Eine weitere Gruppe innerhalb der Antidepressiva bilden die MAO-Hemmstoffe. Sie hemmen das Enzym Monoaminoxidase vom Typ A. Dieses ist für den Abbau von biogenen Aminen verantwortlich. Unter Einsatz dieser Substanzen ergibt sich folglich ein Anstieg der Transmitter Noradrenalin und Serotonin im Extrazellulärraum des zentralen Nervensystems.

Die Leitsubstanz der MAO-Inhibitoren ist Moclobemid.

Leitsubstanz der trizyklischen Antidepressiva stellt Imipramin dar, mit ihrem aktiven metabolischen Abbauprodukt Desipramin, sowie der Wirkstoff Amitriptylin. Allen gemeinsam ist eine vermeintliche, im Vordergrund stehende eher unselektive Wiederaufnahmehemmung von Serotonin, sowie in geringerem Ausmaß von Noradrenalin (LÜLLMANN et al. 2006). Als Nebenwirkungen blockieren diese Medikamente zusätzlich muskarinische Acetylcholin-Rezeptoren, α- und Histamin-1-Rezeptoren. Dies kann zu Symptomen wie einer orthostatischen Hypotension, Arrhythmien, einer verminderten Erregungsleitung im Herzen, einer verstärkten Müdigkeit und im Extrem zu einem anticholinergen Delir sowie Halluzinationen führen.
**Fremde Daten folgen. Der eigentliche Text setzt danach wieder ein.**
lemma coeff_cyc_alt: "coeff (cyc_alt u j) n = cyc_alt (\<lambda>i. coeff (u i) n) j"
  by (simp add: cyc_alt_def)

lemma degree_cyc_alt_le: "(\<And>i. i < 5 \<Longrightarrow> degree (u i) \<le> n) \<Longrightarrow> degree (cyc_alt u j) \<le> n"
  unfolding cyc_alt_def by (intro degree_add_le degree_diff_le) auto

lemma coeff_mult_cyc_alt:
  assumes "degree p \<le> a" and "\<And>i. i < 5 \<Longrightarrow> degree (u i) \<le> b"
  shows "coeff (p * cyc_alt u j) (a + b) = coeff p a * cyc_alt (\<lambda>i. coeff (u i) b) j"
  using coeff_mult_degree_le[OF assms(1) degree_cyc_alt_le[OF assms(2)]] by (simp add: coeff_cyc_alt)

lemma poly_eq_if_eq_off_zeros:
  fixes p q W :: "'a::{idom,ring_char_0} poly"
  assumes "W \<noteq> 0" and "\<And>t. poly W t \<noteq> 0 \<Longrightarrow> poly p t = poly q t"
  shows "p = q"
proof -
  have "(p - q) * W = 0"
    using assms(2) by (subst poly_all_0_iff_0[symmetric]) auto
  with assms(1) show ?thesis by simp
qed

lemma poly_quotient_deriv:
  fixes p q :: "'a::real_normed_field poly"
  assumes f: "(f has_field_derivative D) (at t)" and q: "poly q t \<noteq> 0"
    and f_eq: "\<And>s. poly q s \<noteq> 0 \<Longrightarrow> f s = poly p s / poly q s"
  shows "poly (pderiv p * q - p * pderiv q) t = D * (poly q t * poly q t)"
proof -
  have "((\<lambda>s. poly p s / poly q s) has_field_derivative D) (at t)"
  proof (rule has_field_derivative_transform_within_open[OF f])
    show "open {s. poly q s \<noteq> 0}"
      by (intro open_Collect_neq continuous_intros)
  qed (use q f_eq in auto)
  moreover have "((\<lambda>s. poly p s / poly q s) has_field_derivative
      poly (pderiv p * q - p * pderiv q) t / (poly q t * poly q t)) (at t)"
    using DERIV_divide[OF poly_DERIV poly_DERIV q] by simp
  ultimately have "D = poly (pderiv p * q - p * pderiv q) t / (poly q t * poly q t)"
    by (rule DERIV_unique)
  then show ?thesis
    using q by simp
qed

text \<open>A rational solution written over a common denominator, f_j = u_j / W, with the
  equations multiplied through by W^2.\<close>

definition A4_poly_solution :: "(nat \<Rightarrow> 'a::field_char_0) \<Rightarrow> 'a poly \<Rightarrow> (nat \<Rightarrow> 'a poly) \<Rightarrow> bool" where
  "A4_poly_solution \<alpha> W u \<longleftrightarrow> W \<noteq> 0 \<and>
     (\<forall>j<5. pderiv (u j) * W - u j * pderiv W = u j * cyc_alt u j + smult (\<alpha> j) (W * W)) \<and>
     (\<Sum>j<5. u j) = [:0, 1:] * W"

lemma
  assumes "A4_poly_solution \<alpha> W u"
  shows A4_poly_solution_nonzero: "W \<noteq> 0"
    and A4_poly_solution_ode: "j < 5 \<Longrightarrow>
      pderiv (u j) * W - u j * pderiv W = u j * cyc_alt u j + smult (\<alpha> j) (W * W)"
    and A4_poly_solution_sum: "(\<Sum>j<5. u j) = [:0, 1:] * W"
  using assms unfolding A4_poly_solution_def by auto

lemma A4_poly_solution_leading_coeffs:
  assumes sol: "A4_poly_solution \<alpha> W u" and n: "degree W < n"
    and deg: "\<And>j. j < 5 \<Longrightarrow> degree (u j) \<le> n"
  shows "\<forall>j<5. coeff (u j) n * cyc_alt (\<lambda>i. coeff (u i) n) j = 0"
    and "(\<Sum>j<5. coeff (u j) n) = coeff W (n - 1)"
proof -
  show "\<forall>j<5. coeff (u j) n * cyc_alt (\<lambda>i. coeff (u i) n) j = 0"
  proof (intro allI impI)
    fix j :: nat assume j: "j < 5"
    \<comment> \<open>in degree 2n only the quadratic term survives\<close>
    have "degree (pderiv (u j)) \<le> n" "degree (pderiv W) \<le> degree W"
      using deg[OF j] by (simp_all add: degree_pderiv)
    then have "degree (pderiv (u j) * W) \<le> n + degree W" "degree (u j * pderiv W) \<le> n + degree W"
      using deg[OF j] degree_mult_le[of "pderiv (u j)" W] degree_mult_le[of "u j" "pderiv W"]
      by linarith+
    then have lhs: "coeff (pderiv (u j) * W - u j * pderiv W) (n + n) = 0"
      using n by (intro coeff_eq_0 le_less_trans[OF degree_diff_le]) auto
    have inhom: "coeff (smult (\<alpha> j) (W * W)) (n + n) = 0"
      using n degree_mult_le[of W W] by (intro coeff_eq_0 le_less_trans[OF degree_smult_le]) linarith
    have "coeff (u j * cyc_alt u j) (n + n) =
        coeff (pderiv (u j) * W - u j * pderiv W - smult (\<alpha> j) (W * W)) (n + n)"
      by (simp add: A4_poly_solution_ode[OF sol j])
    then have "coeff (u j * cyc_alt u j) (n + n) = 0"
      unfolding coeff_diff[of "pderiv (u j) * W - u j * pderiv W"] lhs inhom by simp
    then show "coeff (u j) n * cyc_alt (\<lambda>i. coeff (u i) n) j = 0"
      by (simp add: coeff_mult_cyc_alt deg j)
  qed
  have "(\<Sum>j<5. coeff (u j) n) = coeff ([:0, 1:] * W) n"
    by (simp add: coeff_sum[symmetric] A4_poly_solution_sum[OF sol])
  also have "\<dots> = coeff W (n - 1)"
    using n by (cases n) (simp_all add: coeff_pCons)
  finally show "(\<Sum>j<5. coeff (u j) n) = coeff W (n - 1)" .
qed

lemma A4_poly_solution_degree_le:
  assumes sol: "A4_poly_solution \<alpha> W u" and j: "j < 5"
  shows "degree (u j) \<le> degree W + 1"
proof (rule ccontr)
  assume big: "\<not> degree (u j) \<le> degree W + 1"
  then have "u j \<noteq> 0" by auto
  with j obtain k where k: "k < 5" "u k \<noteq> 0" and max: "\<And>i. i < 5 \<Longrightarrow> degree (u i) \<le> degree (u k)"
    using ex_nonzero_max_degree[of "{..<5}" j u] by auto
  define n where "n = degree (u k)"
  have n: "degree W + 1 < n"
    using max[OF j] big unfolding n_def by linarith
  have "\<forall>i<5. coeff (u i) n = 0"
  proof (rule cyc_alt_zero_sum_solution)
    show "\<forall>i<5. coeff (u i) n * cyc_alt (\<lambda>i. coeff (u i) n) i = 0"
      using A4_poly_solution_leading_coeffs(1)[OF sol, of n] n max unfolding n_def by simp
    show "(\<Sum>i<5. coeff (u i) n) = 0"
      using A4_poly_solution_leading_coeffs(2)[OF sol, of n] n max unfolding n_def
      by (simp add: coeff_eq_0)
  qed
  with k show False unfolding n_def by (metis leading_coeff_0_iff)
qed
Zu Beginn einer Therapie mit diesen Wirkstoffen stellt sich eine zentralnervöse Dämpfung ein. Die körperliche und geistige Aktivität ist reduziert und die Patienten befinden sich in einem sedierten Zustand. Nach einem längeren Zeitraum geht dieser Effekt aber in eine antidepressive und antriebssteigernde Wirkung über.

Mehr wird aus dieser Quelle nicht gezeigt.